All of lore.kernel.org
 help / color / mirror / Atom feed
From: Ian Jackson <ian.jackson@eu.citrix.com>
To: xen-devel@lists.xen.org
Cc: Ian Jackson <ian.jackson@eu.citrix.com>,
	Ian Campbell <Ian.Campbell@citrix.com>,
	Bamvor Jian Zhang <bjzhang@suse.com>
Subject: [PATCH 1/2] libxl: fix stale fd event callback race
Date: Mon, 10 Dec 2012 16:57:03 +0000	[thread overview]
Message-ID: <1355158624-11163-1-git-send-email-ian.jackson@eu.citrix.com> (raw)
In-Reply-To: <20678.5159.946248.90947@mariner.uk.xensource.com>

Because there is not necessarily any lock held at the point the
application (eg, libvirt) calls libxl_osevent_occurred_timeout and
..._fd, in a multithreaded program those calls may be arbitrarily
delayed in relation to other activities within the program.
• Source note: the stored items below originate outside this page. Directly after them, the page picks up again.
section \<open>Powers of a Markov kernel\<close>

primrec kernel_pow :: "('a \<Rightarrow> 'a pmf) \<Rightarrow> nat \<Rightarrow> 'a \<Rightarrow> 'a pmf" where
  "kernel_pow K 0 x = return_pmf x"
| "kernel_pow K (Suc N) x = bind_pmf (K x) (kernel_pow K N)"

lemma kernel_pow_0_fun: "kernel_pow K 0 = return_pmf"
  by (rule ext) simp

lemma kernel_pow_Suc_right: "kernel_pow K (Suc N) x = bind_pmf (kernel_pow K N x) K"
proof (induction N arbitrary: x)
  case 0
  then show ?case by (simp add: kernel_pow_0_fun bind_return_pmf bind_return_pmf')
next
  case (Suc N)
  have IH: "kernel_pow K (Suc N) = (\<lambda>y. bind_pmf (kernel_pow K N y) K)"
    using Suc.IH by (rule ext)
  have "kernel_pow K (Suc (Suc N)) x = bind_pmf (K x) (\<lambda>y. bind_pmf (kernel_pow K N y) K)"
    by (simp only: kernel_pow.simps(2)[of K "Suc N"] IH)
  also have "\<dots> = bind_pmf (kernel_pow K (Suc N) x) K"
    by (simp add: bind_assoc_pmf)
  finally show ?case .
qed

lemma funpow_bind_pmf_return: "((\<lambda>\<mu>. bind_pmf \<mu> K) ^^ N) (return_pmf x) = kernel_pow K N x"
  by (induction N) (simp_all add: kernel_pow_Suc_right del: kernel_pow.simps(2))

lemma set_pmf_kernel_pow_subset:
  assumes "\<And>x. x \<in> S \<Longrightarrow> set_pmf (K x) \<subseteq> S" and "x \<in> S"
  shows "set_pmf (kernel_pow K N x) \<subseteq> S"
  using assms(2) by (induction N arbitrary: x) (auto simp: set_bind_pmf dest!: assms(1))

lemma kernel_pow_duality:
  assumes KX: "\<And>x. x \<in> S \<Longrightarrow> set_pmf (KX x) \<subseteq> S"
    and KY: "\<And>y. y \<in> T \<Longrightarrow> set_pmf (KY y) \<subseteq> T"
    and dual: "\<And>x y. x \<in> S \<Longrightarrow> y \<in> T \<Longrightarrow> map_pmf (\<lambda>x'. H x' y) (KX x) = map_pmf (\<lambda>y'. H x y') (KY y)"
    and "x \<in> S" "y \<in> T"
  shows "map_pmf (\<lambda>x'. H x' y) (kernel_pow KX N x) = map_pmf (\<lambda>y'. H x y') (kernel_pow KY N y)"
  using \<open>x \<in> S\<close> \<open>y \<in> T\<close>
proof (induction N arbitrary: x y)
  case 0
  then show ?case by simp
next
  case (Suc N)
  \<comment> \<open>Peel off the first step of X and the last step of Y; being independent, they commute.\<close>
  let ?Y = "kernel_pow KY N y"
  have "map_pmf (\<lambda>x'. H x' y) (kernel_pow KX (Suc N) x)
      = bind_pmf (KX x) (\<lambda>x'. map_pmf (\<lambda>x''. H x'' y) (kernel_pow KX N x'))"
    by (simp add: map_bind_pmf)
  also have "\<dots> = bind_pmf (KX x) (\<lambda>x'. map_pmf (\<lambda>y'. H x' y') ?Y)"
    using Suc KX by (intro bind_pmf_cong refl) auto
  also have "\<dots> = bind_pmf ?Y (\<lambda>y'. map_pmf (\<lambda>x'. H x' y') (KX x))"
    by (simp add: map_pmf_def bind_commute_pmf[of "KX x"])
  also have "\<dots> = bind_pmf ?Y (\<lambda>y'. map_pmf (\<lambda>y''. H x y'') (KY y'))"
    using Suc.prems set_pmf_kernel_pow_subset[of T KY, OF KY] by (intro bind_pmf_cong refl dual) auto
  also have "\<dots> = map_pmf (\<lambda>y'. H x y') (kernel_pow KY (Suc N) y)"
    by (simp add: kernel_pow_Suc_right map_bind_pmf del: kernel_pow.simps(2))
  finally show ?case .
qed

definition lazy_kernel :: "real \<Rightarrow> ('a \<Rightarrow> 'a pmf) \<Rightarrow> 'a \<Rightarrow> 'a pmf" where
  "lazy_kernel a K x = bind_pmf (bernoulli_pmf a) (\<lambda>b. if b then K x else return_pmf x)"

lemma set_pmf_lazy_kernel_subset:
  assumes "\<And>x. x \<in> S \<Longrightarrow> set_pmf (K x) \<subseteq> S" and "x \<in> S"
  shows "set_pmf (lazy_kernel a K x) \<subseteq> S"
  using assms(1)[OF assms(2)] assms(2) by (auto simp: lazy_kernel_def split: if_splits)

lemma pmf_map_lazy_kernel:
  assumes "0 \<le> a" "a \<le> 1"
  shows "pmf (map_pmf G (lazy_kernel a K x)) A = a * pmf (map_pmf G (K x)) A + (1 - a) * of_bool (G x = A)"
  using assms by (simp add: lazy_kernel_def map_bind_pmf pmf_bind indicator_def)

lemma kernel_pow_lazy_kernel:
  assumes a: "0 \<le> a" "a \<le> 1"
  shows "kernel_pow (lazy_kernel a K) N x = bind_pmf (binomial_pmf N a) (\<lambda>j. kernel_pow K j x)"
proof (induction N)
  case 0
  then show ?case using a by (simp add: binomial_pmf_0 bind_return_pmf)
next
  case (Suc N)
  have lazy_last: "bind_pmf \<mu> (lazy_kernel a K) = bind_pmf (bernoulli_pmf a) (\<lambda>b. if b then bind_pmf \<mu> K else \<mu>)"
    for \<mu> :: "'a pmf"
    unfolding lazy_kernel_def
    by (subst bind_commute_pmf) (auto simp: bind_return_pmf' intro!: bind_pmf_cong)
  have "kernel_pow (lazy_kernel a K) (Suc N) x
      = bind_pmf (binomial_pmf N a) (\<lambda>j. bind_pmf (kernel_pow K j x) (lazy_kernel a K))"
    by (simp add: kernel_pow_Suc_right Suc bind_assoc_pmf del: kernel_pow.simps(2))
  also have "\<dots> = bind_pmf (binomial_pmf N a)
      (\<lambda>j. bind_pmf (bernoulli_pmf a) (\<lambda>b. kernel_pow K ((if b then 1 else 0) + j) x))"
    by (auto simp: lazy_last kernel_pow_Suc_right intro!: bind_pmf_cong simp del: kernel_pow.simps(2))
  also have "\<dots> = bind_pmf (binomial_pmf (Suc N) a) (\<lambda>j. kernel_pow K j x)"
    using a by (simp add: binomial_pmf_Suc bind_assoc_pmf bind_return_pmf bind_commute_pmf[of "binomial_pmf N a"])
  finally show ?case .
qed

lemma bind_poisson_kernel_pow_lazy_kernel:
  assumes "0 < r" "0 < a" "a \<le> 1"
  shows "bind_pmf (poisson_pmf r) (\<lambda>N. kernel_pow (lazy_kernel a K) N x)
       = bind_pmf (poisson_pmf (a * r)) (\<lambda>N. kernel_pow K N x)"
  using assms by (simp add: kernel_pow_lazy_kernel bind_poisson_binomial flip: bind_assoc_pmf)

lemma Ints_gap_cases:
  fixes u w :: real
  assumes "u \<in> \<int>" "w \<in> \<int>"
  shows "w = u \<or> w \<le> u - 1 \<or> w \<ge> u + 1"
proof -
  obtain k where k: "w - u = of_int k"
    using assms by (metis Ints_cases Ints_diff)
  have "k = 0 \<or> k \<le> -1 \<or> k \<ge> 1" by linarith
  then have "of_int k = (0::real) \<or> of_int k \<le> (-1::real) \<or> of_int k \<ge> (1::real)"
    by auto
  then show ?thesis
    using k by linarith
qed

lemma Ints_half_gap_cases:
  fixes u v :: real
  assumes "u \<in> \<int>" "v - 1/2 \<in> \<int>"
  shows "v = u - 1/2 \<or> v = u + 1/2 \<or> v \<le> u - 3/2 \<or> v \<ge> u + 3/2"
proof -
  obtain k where k: "v - 1/2 - u = of_int k"
    using assms by (metis Ints_cases Ints_diff)
  have "k = -1 \<or> k = 0 \<or> k \<le> -2 \<or> k \<ge> 1" by linarith
  then have "of_int k = (-1::real) \<or> of_int k = (0::real) \<or> of_int k \<le> (-2::real) \<or> of_int k \<ge> (1::real)"
    by auto
  then show ?thesis
    using k by linarith
qed

lemma less_shift_int_iff_shift_half_less:
  fixes c u v s :: real
  assumes c: "c \<in> \<int>" and u: "u \<in> \<int>" and v: "v - 1/2 \<in> \<int>" and s: "s = 1 \<or> s = -1"
  shows "v < (if u = c then c + s else u) \<longleftrightarrow> (if v = c + s/2 then c - s/2 else v) < u"
proof (cases "u = c")
  case True
  then show ?thesis using Ints_half_gap_cases[OF c v] s by auto
next
  case False
  then show ?thesis using Ints_gap_cases[OF c u] s by auto
qed

lemma less_shift_int_iff_less:
  fixes c u v s :: real
  assumes c: "c \<in> \<int>" and v: "v - 1/2 \<in> \<int>" and s: "s = 1 \<or> s = -1" and v_ne: "v \<noteq> c + s/2"
  shows "v < (if u = c then c + s else u) \<longleftrightarrow> v < u"
  using Ints_half_gap_cases[OF c v] s v_ne by auto

lemma shift_half_less_iff_less:
  fixes d u v s :: real
  assumes d: "d - 1/2 \<in> \<int>" and u: "u \<in> \<int>" and s: "s = 1 \<or> s = -1" and u_ne: "u \<noteq> d + s/2"
  shows "(if v = d then d + s else v) < u \<longleftrightarrow> v < u"
  using Ints_half_gap_cases[OF u d] s u_ne by auto

lemma sum_eq_sum_translate:
  fixes f g :: "'a::ab_group_add \<Rightarrow> 'b::comm_monoid_add"
  assumes "finite S" "finite T"
    and "\<And>c. c \<in> S \<Longrightarrow> c + h \<notin> T \<Longrightarrow> f c = 0"
    and "\<And>d. d \<in> T \<Longrightarrow> d - h \<notin> S \<Longrightarrow> g d = 0"
    and "\<And>c. c \<in> S \<Longrightarrow> c + h \<in> T \<Longrightarrow> f c = g (c + h)"
  shows "sum f S = sum g T"
proof -
  let ?M = "{c \<in> S. c + h \<in> T}"
  have "sum f S = sum f ?M"
    using assms by (intro sum.mono_neutral_right) auto
  also have "\<dots> = sum (\<lambda>c. g (c + h)) ?M"
    using assms by (intro sum.cong) auto
  also have "\<dots> = sum g ((\<lambda>c. c + h) ` ?M)"
    by (simp add: sum.reindex)
  also have "(\<lambda>c. c + h) ` ?M = {d \<in> T. d - h \<in> S}"
    by (force simp: image_iff algebra_simps)
  also have "sum g \<dots> = sum g T"
    using assms by (intro sum.mono_neutral_left) auto
  finally show ?thesis .
qed

section \<open>The uniformized coalescing walk\<close>

definition shift_cluster :: "nat \<Rightarrow> (nat \<Rightarrow> real) \<Rightarrow> real \<Rightarrow> real \<Rightarrow> nat \<Rightarrow> real" where
  "shift_cluster m x c s = (\<lambda>k. if k \<in> {1..m} \<and> x k = c then c + s else x k)"

lemma cw_step_shift_cluster:
  "cw_step p m x =
     do { i \<leftarrow> pmf_of_set {1..m};
          b \<leftarrow> bernoulli_pmf p;
          return_pmf (if cw_leader x i then shift_cluster m x (x i) (if b then 1 else -1) else x) }"
  unfolding cw_step_def shift_cluster_def ..

lemma coal_rw_law_lazy:
  assumes "0 < t" "1 \<le> m" "real m \<le> R"
  shows "coal_rw_law p m x t
       = bind_pmf (poisson_pmf (R * t)) (\<lambda>N. kernel_pow (lazy_kernel (real m / R) (cw_step p m)) N x)"
  using assms by (simp add: coal_rw_law_def funpow_bind_pmf_return bind_poisson_kernel_pow_lazy_kernel)

lemma bij_betw_cw_leaders: "bij_betw x {i \<in> {1..m}. cw_leader x i} (x ` {1..m})"
proof -
  let ?L = "{i \<in> {1..m}. cw_leader x i}"
  have distinct: "x i \<noteq> x k" if "k \<in> ?L" "1 \<le> i" "i < k" for i k
    using that by (auto simp: cw_leader_def)
  have "inj_on x ?L"
  proof (rule inj_onI)
    fix i k assume "i \<in> ?L" "k \<in> ?L" "x i = x k"
    then show "i = k"
      using distinct[of k i] distinct[of i k] by (cases i k rule: linorder_cases) auto
  qed
  moreover have "x ` {1..m} \<subseteq> x ` ?L"
  proof
    fix c assume "c \<in> x ` {1..m}"
    then obtain i where "i \<in> {1..m}" "x i = c" by blast
    define k where "k = (LEAST k. k \<in> {1..m} \<and> x k = c)"
    have k: "k \<in> {1..m}" "x k = c"
      using LeastI[of "\<lambda>k. k \<in> {1..m} \<and> x k = c" i] \<open>i \<in> {1..m}\<close> \<open>x i = c\<close> by (auto simp: k_def)
    have "k \<le> l" if "l \<in> {1..m}" "x l = c" for l
      unfolding k_def using that by (intro Least_le) simp
    then have "cw_leader x k"
      using k by (force simp: cw_leader_def)
    then show "c \<in> x ` ?L"
      using k by blast
  qed
  ultimately show ?thesis
    by (auto simp: bij_betw_def)
qed

lemma sum_cw_leaders: "(\<Sum>i\<in>{1..m}. if cw_leader x i then h (x i) else 0) = (\<Sum>c\<in>x ` {1..m}. h c)"
proof -
  have "(\<Sum>i\<in>{1..m}. if cw_leader x i then h (x i) else 0) = (\<Sum>i\<in>{i \<in> {1..m}. cw_leader x i}. h (x i))"
    by (rule sum.inter_filter[symmetric]) simp
  also have "\<dots> = (\<Sum>c\<in>x ` {1..m}. h c)"
    by (rule sum.reindex_bij_betw[OF bij_betw_cw_leaders])
  finally show ?thesis .
qed

definition cw_generator :: "real \<Rightarrow> nat \<Rightarrow> ((nat \<Rightarrow> real) \<Rightarrow> real) \<Rightarrow> (nat \<Rightarrow> real) \<Rightarrow> real" where
  "cw_generator p m f x =
     (\<Sum>c\<in>x ` {1..m}. p * (f (shift_cluster m x c 1) - f x) + (1 - p) * (f (shift_cluster m x c (-1)) - f x))"

lemma pmf_map_cw_step:
  assumes "1 \<le> m" "0 \<le> p" "p \<le> 1"
  shows "pmf (map_pmf G (cw_step p m x)) A
       = of_bool (G x = A) + cw_generator p m (\<lambda>z. of_bool (G z = A)) x / real m"
proof -
  define f where "f z = (of_bool (G z = A) :: real)" for z
  define h where "h c = p * (f (shift_cluster m x c 1) - f x) + (1 - p) * (f (shift_cluster m x c (-1)) - f x)" for c
  have step: "pmf (bind_pmf (bernoulli_pmf p) (\<lambda>b. return_pmf
      (G (if cw_leader x i then shift_cluster m x (x i) (if b then 1 else -1) else x)))) A
    = f x + (if cw_leader x i then h (x i) else 0)" for i
    using assms by (simp add: pmf_bind f_def h_def indicator_def algebra_simps)
  have "pmf (map_pmf G (cw_step p m x)) A = (\<Sum>i\<in>{1..m}. f x + (if cw_leader x i then h (x i) else 0)) / real m"
    using assms by (simp add: cw_step_shift_cluster map_bind_pmf map_return_pmf pmf_bind_pmf_of_set step)
  also have "\<dots> = (real m * f x + (\<Sum>c\<in>x ` {1..m}. h c)) / real m"
    by (subst sum_cw_leaders[symmetric]) (simp add: sum.distrib)
  also have "\<dots> = f x + (\<Sum>c\<in>x ` {1..m}. h c) / real m"
    using assms by (simp add: add_divide_distrib)
  finally show ?thesis
    by (simp add: f_def h_def cw_generator_def)
qed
libxl therefore needs to be prepared to receive very old event
callbacks.  Arrange for this to be the case for fd callbacks.

This requires a new layer of indirection through a "hook nexus" struct
which can outlive the libxl__ev_foo.  Allocation and deallocation of
these nexi is mostly handled in the OSEVENT macros which wrap up
the application's callbacks.

Document the problem and the solution in a comment in libxl_event.c
just before the definition of struct libxl__osevent_hook_nexus.

There is still a race relating to libxl__osevent_occurred_timeout;
this will be addressed in the following patch.

Reported-by: Bamvor Jian Zhang <bjzhang@suse.com>
Cc: Bamvor Jian Zhang <bjzhang@suse.com>
Cc: Ian Campbell <Ian.Campbell@citrix.com>
Signed-off-by: Ian Jackson <ian.jackson@eu.citrix.com>

--
v2:
  - Prepare for fixing timeout race too
  - Break out osevent_release_nexus()
  - nexusop argument to OSEVENT* macros
  - Clarify OSEVENT* nexusop hooks
  - osevent_ev_from_hook_nexus takes a libxl__osevent_hook_nexus*
---
 tools/libxl/libxl_event.c    |  184 +++++++++++++++++++++++++++++++++++------
 tools/libxl/libxl_internal.h |    8 ++-
 2 files changed, 163 insertions(+), 29 deletions(-)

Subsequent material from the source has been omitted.